Önemli bir ders olan bu dersten öğrencilerimizin başarılı olması için sorumluluğu olan herkes şapkasını önüne koyup düşünmelidir: MEB’i, öğretmeni, öğrencisi, velisi, yöneticisi…Hiçbir şey aklımıza gelmiyorsa bile bugünkü metotlarımızı değiştirelim yeter. Hani adama: “Şu içkilerden hangisi iyi? Tadına bir bak” demişler ya. Adam ilk şişeden içer içmez: “Şu öbür şişe daha iyi” demiş. “Daha onun tadına bakmadın,  nasıl bildin deyince  adam: “Doğru. Onun tadına bakmadım. Ama hiçbir şey bu içtiğimden daha kötü olmaz” cevabı verir.

Evet! Kullanmadığımız diğer yöntemler daha iyi. Bu metotla bırakın net sayısını yükseltmeyi. Mevcudu korusak daha iyi. Çünkü her geçen gün daha kötüye gidiyoruz.

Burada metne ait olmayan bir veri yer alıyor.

text \<open>In Taylor coefficients the operator \<open>f \<mapsto> f - f \<circ> \<phi>\<^sub>r\<close> is diagonal: it multiplies the
  \<open>n\<close>-th coefficient by \<open>1 - r\<^sup>n\<close>. Writing \<open>1 - r\<^sup>n\<close> through \<open>sin (\<pi> (n x - p))\<close>, the Diophantine
  condition bounds these small divisors below by \<open>K / n\<^sup>d\<close>. Dividing the coefficients back
  therefore loses only a polynomial factor \<open>n\<^sup>d\<close>, which the Cauchy estimates on a slightly
  larger disc absorb into a geometric factor \<open>(\<rho>/\<sigma>)\<^sup>n\<close>: the inverse exists and is continuous.
  On the other hand \<open>z\<^sup>n\<close> is an eigenfunction of \<open>C\<^sub>\<phi>\<^sub>r\<close> for the eigenvalue \<open>r\<^sup>n\<close>, and by
  Dirichlet's approximation theorem these eigenvalues accumulate at \<open>1\<close>, so no neighbourhood
  of \<open>1\<close> lies in the resolvent set.\<close>

lemma norm_1_minus_exp_2pi_power:
  fixes x :: real and p :: int
  shows "cmod (1 - exp (\<i> * of_real (2 * pi * x)) ^ n) = 2 * \<bar>sin (pi * (real n * x - of_int p))\<bar>"
proof -
  have "exp (\<i> * of_real (2 * pi * x)) ^ n = exp (\<i> * of_real (2 * pi * (real n * x - of_int p)))"
    by (simp add: exp_of_nat_mult[symmetric] exp_diff right_diff_distrib mult_ac)
  then show ?thesis
    using dist_exp_i_1[of "2 * pi * (real n * x - of_int p)"] by (simp add: norm_minus_commute)
qed

lemma abs_le_abs_sin_pi_times:
  fixes t :: real
  assumes "\<bar>t\<bar> \<le> 1/2"
  shows "\<bar>t\<bar> \<le> \<bar>sin (pi * t)\<bar>"
proof -
  define y where "y = pi * \<bar>t\<bar>"
  have y: "0 \<le> y" "y \<le> 2"
    using mult_mono[OF less_imp_le[OF pi_less_4] assms] by (auto simp: y_def)
  have "\<bar>sin y - y\<bar> \<le> y ^ 3 / 6"
    using Maclaurin_sin_bound[of y 3] y by (simp add: eval_nat_numeral sin_coeff_def)
  then have "y - y ^ 3 / 6 \<le> sin y" by linarith
  moreover have "\<bar>t\<bar> \<le> y - y ^ 3 / 6"
  proof -
    have "y * y \<le> 2 * 2" using y by (intro mult_mono) auto
    then have "y ^ 3 / 6 \<le> y * 4 / 6"
      using mult_left_mono[OF _ y(1)] by (simp add: power3_eq_cube mult.commute[of 4])
    moreover have "3 * \<bar>t\<bar> \<le> y" using pi_gt3 by (simp add: y_def mult_right_mono)
    ultimately show ?thesis by linarith
  qed
  moreover have "\<bar>sin (pi * t)\<bar> = sin y"
    using y assms sin_ge_zero[of y] pi_gt3 by (cases "t \<ge> 0") (auto simp: y_def)
  ultimately show ?thesis by linarith
qed

lemma diophantine_small_divisors:
  assumes "diophantine x"
  obtains d K where "0 < K"
    and "\<And>n. 1 \<le> n \<Longrightarrow> K / real n powr d \<le> cmod (1 - exp (\<i> * of_real (2 * pi * x)) ^ n)"
proof -
  obtain \<delta> c where "0 < c"
    and dio: "\<And>(p::int) (q::nat). 0 < q \<Longrightarrow> c / real q powr (1 + \<delta>) \<le> \<bar>x - of_int p / real q\<bar>"
    using assms unfolding diophantine_def by blast
  have "c / real n powr \<delta> \<le> cmod (1 - exp (\<i> * of_real (2 * pi * x)) ^ n)" if "1 \<le> n" for n
  proof -
    define p where "p = round (real n * x)"
    have n: "0 < real n" using that by simp
    have "c / real n powr \<delta> = real n * (c / real n powr (1 + \<delta>))"
      using n by (simp add: powr_add field_simps)
    also have "\<dots> \<le> real n * \<bar>x - of_int p / real n\<bar>"
      using dio[of n p] n by (intro mult_left_mono) auto
    also have "\<dots> = \<bar>real n * x - of_int p\<bar>"
      using n by (simp add: abs_mult[symmetric] field_simps)
    also have "\<dots> \<le> \<bar>sin (pi * (real n * x - of_int p))\<bar>"
      using of_int_round_abs_le[of "real n * x"]
      by (intro abs_le_abs_sin_pi_times) (simp add: p_def abs_minus_commute)
    also have "\<dots> \<le> cmod (1 - exp (\<i> * of_real (2 * pi * x)) ^ n)"
      using norm_1_minus_exp_2pi_power[of x n p] by simp
    finally show ?thesis .
  qed
  with \<open>0 < c\<close> show thesis by (rule that)
qed

lemma exp_2pi_powers_approach_1:
  assumes "0 < e"
  obtains n where "1 \<le> n" "cmod (1 - exp (\<i> * of_real (2 * pi * x)) ^ n) < e"
proof -
  define N :: nat where "N = nat \<lceil>2 * pi / e\<rceil> + 1"
  have "0 < N" "2 * pi / e < real N" unfolding N_def by linarith+
  then obtain p k where k: "0 < k" "\<bar>of_int k * x - of_int p\<bar> < 1 / N"
    using Dirichlet_approx[of N x] by blast
  have "cmod (1 - exp (\<i> * of_real (2 * pi * x)) ^ nat k)
      = 2 * \<bar>sin (pi * (of_int k * x - of_int p))\<bar>"
    using norm_1_minus_exp_2pi_power[of x "nat k" p] k(1) by simp
  also have "\<dots> \<le> 2 * pi * \<bar>of_int k * x - of_int p\<bar>"
    using abs_sin_x_le_abs_x[of "pi * (of_int k * x - of_int p)"] by (simp add: abs_mult)
  also have "\<dots> < 2 * pi * (1 / N)"
    using k(2) by (intro mult_strict_left_mono) auto
  also have "\<dots> < e"
    using \<open>2 * pi / e < real N\<close> \<open>0 < N\<close> assms by (simp add: field_simps)
  finally show thesis using k(1) by (intro that[of "nat k"]) auto
qed

lemma summable_powr_times_geometric:
  fixes q :: real
  assumes "0 \<le> q" "q < 1"
  shows "summable (\<lambda>n. real n powr d * q ^ n)"
proof (rule root_test_convergence)
  have "root n (norm (real n powr d * q ^ n)) = root n (real n) powr d * q" if "1 \<le> n" for n
  proof -
    have "root n (real n powr d) = root n (real n) powr d"
      using that by (simp add: root_powr_inverse powr_powr mult.commute)
    moreover have "root n (q ^ n) = q"
      using that assms by (simp add: real_root_power_cancel)
    ultimately show ?thesis
      using assms by (simp add: real_root_mult)
  qed
  then have "\<forall>\<^sub>F n in sequentially. root n (real n) powr d * q = root n (norm (real n powr d * q ^ n))"
    unfolding eventually_sequentially by metis
  moreover have "(\<lambda>n. root n (real n) powr d * q) \<longlonglongrightarrow> 1 powr d * q"
    by (intro tendsto_intros LIMSEQ_root) auto
  ultimately show "(\<lambda>n. root n (norm (real n powr d * q ^ n))) \<longlonglongrightarrow> q"
    using Lim_transform_eventually by fastforce
  show "q < 1" by fact
qed

definition taylor_coeff :: "(complex \<Rightarrow> complex) \<Rightarrow> nat \<Rightarrow> complex" where
  "taylor_coeff f n = (deriv ^^ n) f 0 / fact n"

lemma H0_sums_taylor:
  assumes "f \<in> H0" "z \<in> ball 0 1"
  shows "(\<lambda>n. taylor_coeff f n * z ^ n) sums f z"
  using holomorphic_power_series[of f 0 1 z] assms by (simp add: H0_def taylor_coeff_def)

lemma H0_taylor_coeff_0: "f \<in> H0 \<Longrightarrow> taylor_coeff f 0 = 0"
  by (simp add: H0_def taylor_coeff_def)

lemma norm_le_H0_seminorm:
  assumes "f \<in> H0" "\<sigma> < 1" "z \<in> cball 0 \<sigma>"
  shows "cmod (f z) \<le> H0_seminorm \<sigma> f"
proof -
  have "cball 0 \<sigma> \<subseteq> ball (0::complex) 1" using assms(2) by auto
  then have "compact (f ` cball 0 \<sigma>)"
    using assms(1) unfolding H0_def
    by (intro compact_continuous_image holomorphic_on_imp_continuous_on) (auto elim: holomorphic_on_subset)
  then have "bdd_above ((\<lambda>z. cmod (f z)) ` cball 0 \<sigma>)"
    by (auto dest: compact_imp_bounded simp: bounded_iff bdd_above_def)
  then show ?thesis
    unfolding H0_seminorm_def using assms(3) by (rule cSUP_upper2) simp
qed

lemma H0_seminorm_nonneg:
  assumes "f \<in> H0" "0 \<le> \<sigma>" "\<sigma> < 1"
  shows "0 \<le> H0_seminorm \<sigma> f"
  using norm_le_H0_seminorm[OF assms(1,3), of 0] assms by (simp add: H0_def)

lemma H0_seminorm_le:
  assumes "0 \<le> \<rho>" "\<And>z. z \<in> cball 0 \<rho> \<Longrightarrow> cmod (f z) \<le> B"
  shows "H0_seminorm \<rho> f \<le> B"
  unfolding H0_seminorm_def using assms by (intro cSUP_least) auto

lemma norm_taylor_coeff_le:
  assumes "f \<in> H0" "0 < \<sigma>" "\<sigma> < 1"
  shows "cmod (taylor_coeff f n) \<le> H0_seminorm \<sigma> f / \<sigma> ^ n"
proof -
  have holo: "f holomorphic_on ball 0 1" using assms(1) by (simp add: H0_def)
  have sub: "cball 0 \<sigma> \<subseteq> ball (0::complex) 1" using assms(3) by auto
  have "cmod ((deriv ^^ n) f 0) \<le> fact n * H0_seminorm \<sigma> f / \<sigma> ^ n"
  proof (rule Cauchy_inequality)
    show "f holomorphic_on ball 0 \<sigma>"
      using holo sub ball_subset_cball by (blast intro: holomorphic_on_subset)
    show "continuous_on (cball 0 \<sigma>) f"
      using holo sub by (blast intro: holomorphic_on_imp_continuous_on holomorphic_on_subset)
    show "cmod (f z) \<le> H0_seminorm \<sigma> f" if "cmod (0 - z) = \<sigma>" for z
      using that assms by (intro norm_le_H0_seminorm) auto
  qed (use assms in auto)
  then show ?thesis by (simp add: taylor_coeff_def norm_divide field_simps)
qed

lemma comp_rot_in_H0:
  assumes "cmod r = 1" "f \<in> H0"
  shows "comp_rot r f \<in> H0"
proof -
  have "f \<circ> (\<lambda>z. r * z) holomorphic_on ball 0 1"
    using assms by (intro holomorphic_on_compose_gen[where t="ball 0 1"] holomorphic_intros)
      (auto simp: H0_def norm_mult)
  then show ?thesis
    using assms by (auto simp: H0_def comp_rot_def o_def norm_mult)
qed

Zeka bakımından dünya çocuklarının içerisinde en önlerde olan bu ülkenin çocuklarını okullu olduktan sonra bu hale getiren elimizdeki sihirli deynek nedir? İsterseniz araştırmaya buradan başlayalım. Çünkü kimse burnundan kıl aldırmıyor.  27/04/2016

*30/04/2016 günü Anadolu'da Bugün Gazetesinde yayımlanmıştır.